Are there any risks when setting it too high? What would be the worst thing to happen?
There are no limits as far as I know. Really depends on the available memory, CPU & what Python Processors are used for. There is no official rule of thumb or something like that as far as I know.
The risks really depend on the setup:
Is there maybe also a possibility to monitor PyData or to monitor how many python scripts are executed in parallel?
e.g. is it possible to get those info from the OD API?
If you are running PyData in a docker container, you might be able to monitor the resources used by PyData (if you have DevOps access) but that won’t tell you how many scripts are executed in parallel.
There is no OD API that returns such info but such a feature should be quite feasible.
Additionally, I forgot to mention this before, “pythonService.allowedConnections” is not the only property that should be configured. There is a property on PyData’s side to throttle parallel executions called “max-concurrent-containers”.
Is this actually still in use? It sounds as if this could be a relict of the “old” pydata that spawned a container for each python processor executed, but the recent version does not do that anymore (then this setting would most likely be something along “max-concurrent-subprocesses” or something like that if still in use)

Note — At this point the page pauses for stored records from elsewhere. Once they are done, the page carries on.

(* Let $\delta>0$ and let $\mathcal{G}$ be a class of graphs, each of average degree at least $2+\delta$, with unbounded girth. Let $\mathcal{A}$ be the class of all (unweighted) orientations of graphs in $\mathcal{G}$. Then $\mathcal{A}$ is not size-pliable.
   Context: An orientation of a graph is viewed as a structure over the signature $\{e\}$ with one binary symbol, where $e^{\mathbb{A}}(u,v)=1$ if $u\to v$ is an arc and $0$ otherwise. For structures $\mathbb{A},\mathbb{B}$ over a signature $\sigma$ (finite domain with functions $f^{\mathbb{A}}\colon A^{\mathrm{ar}(f)}\to\mathbb{Q}_{\ge0}$), $\mathrm{opt}(\mathbb{A},\mathbb{B})=\max_{h\colon A\to B}\sum_f\sum_{\bar x}f^{\mathbb{A}}(\bar x)f^{\mathbb{B}}(h(\bar x))$ over all maps, and $d_{\mathrm{opt}}(\mathbb{A},\mathbb{B})=\sup_{\mathbb{C}}|\ln\mathrm{opt}(\mathbb{A},\mathbb{C})-\ln\mathrm{opt}(\mathbb{B},\mathbb{C})|$ over all $\sigma$-structures $\mathbb{C}$ ($\ln0=-\infty$, $|\ln0-\ln0|=0$). A class $\mathcal{A}$ is size-pliable if for every $\varepsilon>0$ there is $k$ such that every $\mathbb{A}\in\mathcal{A}$ (signature $\sigma$) has a $\sigma$-structure $\mathbb{B}$ with domain of size at most $k$ and $d_{\mathrm{opt}}(\mathbb{A},\mathbb{B})\le\varepsilon$. *)

theory Defs
  imports Complex_Main "HOL-Library.Extended_Real"
begin

text \<open>A structure over the signature with one binary function symbol e:
  a finite nonempty domain together with the interpretation of e
  (nonnegative rational values; only values on the domain matter).\<close>
type_synonym 'a struc = "'a set \<times> ('a \<Rightarrow> 'a \<Rightarrow> real)"

definition is_struc :: "'a struc \<Rightarrow> bool" where
  "is_struc S \<longleftrightarrow> finite (fst S) \<and> fst S \<noteq> {} \<and>
     (\<forall>x y. snd S x y \<in> \<rat> \<and> snd S x y \<ge> 0)"

definition opt :: "'a struc \<Rightarrow> 'b struc \<Rightarrow> real" where
  "opt S T = Max {(\<Sum>x\<in>fst S. \<Sum>y\<in>fst S. snd S x y * snd T (h x) (h y)) | h.
                   h ` fst S \<subseteq> fst T}"

text \<open>|ln a - ln b| with ln 0 = -infinity and |ln 0 - ln 0| = 0.\<close>
definition ln_dist :: "real \<Rightarrow> real \<Rightarrow> ereal" where
  "ln_dist a b = (if a = 0 \<and> b = 0 then 0
                  else if a = 0 \<or> b = 0 then \<infinity>
                  else ereal \<bar>ln a - ln b\<bar>)"

text \<open>d_opt: supremum over all structures C (up to isomorphism every finite
  structure has a copy with domain a finite set of naturals).\<close>
definition d_opt :: "'a struc \<Rightarrow> 'b struc \<Rightarrow> ereal" where
  "d_opt S T = (SUP C \<in> {C :: nat struc. is_struc C}. ln_dist (opt S C) (opt T C))"

definition size_pliable :: "'a struc set \<Rightarrow> bool" where
  "size_pliable \<A> \<longleftrightarrow> (\<forall>\<epsilon>::real. \<epsilon> > 0 \<longrightarrow> (\<exists>k::nat. \<forall>A\<in>\<A>.
      \<exists>B :: nat struc. is_struc B \<and> card (fst B) \<le> k \<and> d_opt A B \<le> ereal \<epsilon>))"

type_synonym 'v graph = "'v set \<times> 'v set set"

definition simple_graph :: "'v graph \<Rightarrow> bool" where
  "simple_graph G \<longleftrightarrow> finite (fst G) \<and>
     (\<forall>e\<in>snd G. \<exists>u v. u \<noteq> v \<and> u \<in> fst G \<and> v \<in> fst G \<and> e = {u, v})"

definition avg_degree :: "'v graph \<Rightarrow> real" where
  "avg_degree G = 2 * real (card (snd G)) / real (card (fst G))"

definition is_cycle :: "'v graph \<Rightarrow> 'v list \<Rightarrow> bool" where
  "is_cycle G cs \<longleftrightarrow> length cs \<ge> 3 \<and> distinct cs \<and> set cs \<subseteq> fst G \<and>
     (\<forall>i < length cs. {cs ! i, cs ! ((i + 1) mod length cs)} \<in> snd G)"

definition girth_ge :: "'v graph \<Rightarrow> nat \<Rightarrow> bool" where
  "girth_ge G g \<longleftrightarrow> (\<forall>cs. is_cycle G cs \<longrightarrow> length cs \<ge> g)"

text \<open>An (unweighted) orientation of G, viewed as a structure: domain V,
  e(u,v) = 1 iff u -> v is an arc, each edge oriented in exactly one way.\<close>
definition is_orientation :: "'v graph \<Rightarrow> ('v \<Rightarrow> 'v \<Rightarrow> real) \<Rightarrow> bool" where
  "is_orientation G e \<longleftrightarrow>
     (\<forall>u v. e u v \<in> {0, 1}) \<and>
     (\<forall>u v. e u v = 1 \<longrightarrow> {u, v} \<in> snd G) \<and>
     (\<forall>u v. {u, v} \<in> snd G \<longrightarrow> (e u v = 1 \<longleftrightarrow> e v u = 0))"

definition orientations :: "'v graph set \<Rightarrow> 'v struc set" where
  "orientations \<G> = {(fst G, e) | G e. G \<in> \<G> \<and> is_orientation G e}"

end

theory Submission
  imports Defs "HOL-Library.FuncSet" "HOL-Library.Countable_Set"
begin

text \<open>Orient G at random. A balanced orientation of an edge set (one admitting a level
  function h : V \<rightarrow> \<int> that rises by one along every arc) is determined by its restriction to a
  spanning forest, so there are at most 2^|V| of them, whereas |E| \<ge> (1 + \<delta>/2) |V|. A union
  bound then yields an orientation A of G for which every level function climbs along at most
  (1 - \<eta>) |E| arcs. Hence opt(A, A) \<ge> |E| while opt(A, P) \<le> (1 - \<eta>) |E| for every directed
  path P. On the other hand, once the girth of G exceeds k, the image of a structure B on at most
  k points spans a forest, on which A has a level function with values in [-k, k]; composing
  with it gives opt(B, A) \<le> opt(B, P) for the path P on 2k + 1 points. Comparing the two tests
  shows that d_opt(A, B) \<ge> -ln(1 - \<eta>) / 3 for every such B.\<close>

section \<open>Values of maps between structures\<close>

definition map_value :: "'a struc \<Rightarrow> 'b struc \<Rightarrow> ('a \<Rightarrow> 'b) \<Rightarrow> real" where
  "map_value S T h = (\<Sum>x\<in>fst S. \<Sum>y\<in>fst S. snd S x y * snd T (h x) (h y))"

lemma opt_eq_Max_map_value: "opt S T = Max {map_value S T h | h. h ` fst S \<subseteq> fst T}"
  unfolding opt_def map_value_def ..

lemma map_value_restrict: "map_value S T (restrict h (fst S)) = map_value S T h"
  unfolding map_value_def by (intro sum.cong refl) simp_all

lemma finite_map_values:
  assumes "finite (fst S)" "finite (fst T)"
  shows "finite {map_value S T h | h. h ` fst S \<subseteq> fst T}"
proof (rule finite_subset)
  show "{map_value S T h | h. h ` fst S \<subseteq> fst T} \<subseteq> map_value S T ` (fst S \<rightarrow>\<^sub>E fst T)"
  proof
    fix v assume "v \<in> {map_value S T h | h. h ` fst S \<subseteq> fst T}"
    then obtain h where "h ` fst S \<subseteq> fst T" "v = map_value S T h" by blast
    then show "v \<in> map_value S T ` (fst S \<rightarrow>\<^sub>E fst T)"
      by (intro image_eqI[of _ _ "restrict h (fst S)"]) (auto simp: map_value_restrict)
  qed
  show "finite (map_value S T ` (fst S \<rightarrow>\<^sub>E fst T))"
    using assms by (simp add: finite_PiE)
qed

lemma map_value_le_opt:
  assumes "finite (fst S)" "finite (fst T)" "h ` fst S \<subseteq> fst T"
  shows "map_value S T h \<le> opt S T"
  unfolding opt_eq_Max_map_value using assms by (intro Max_ge finite_map_values) auto

lemma opt_attained:
  assumes "finite (fst S)" "finite (fst T)" "fst T \<noteq> {}"
  obtains h where "h ` fst S \<subseteq> fst T" "opt S T = map_value S T h"
proof -
  obtain t where "t \<in> fst T" using assms(3) by blast
  then have "map_value S T (\<lambda>_. t) \<in> {map_value S T h | h. h ` fst S \<subseteq> fst T}" by auto
  then have "opt S T \<in> {map_value S T h | h. h ` fst S \<subseteq> fst T}"
    unfolding opt_eq_Max_map_value using assms by (intro Max_in finite_map_values) auto
  then show thesis using that by blast
qed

Hi @christoph.schober , yes, that property was used in the past to limit the number of containers created by PyData. However, as you said, PyData now creates subprocesses instead. The property was not renamed, it would cause a backward-incompatibility if we do so. Therefore, the same property is used now to limit the creation of subprocesses.
One additional note: For setting max-concurrent-containers
, the environment variable ALLOWED_CONNECTIONS
needs to be set (e.g. in the environment section of the pydata component in the helm chart override file).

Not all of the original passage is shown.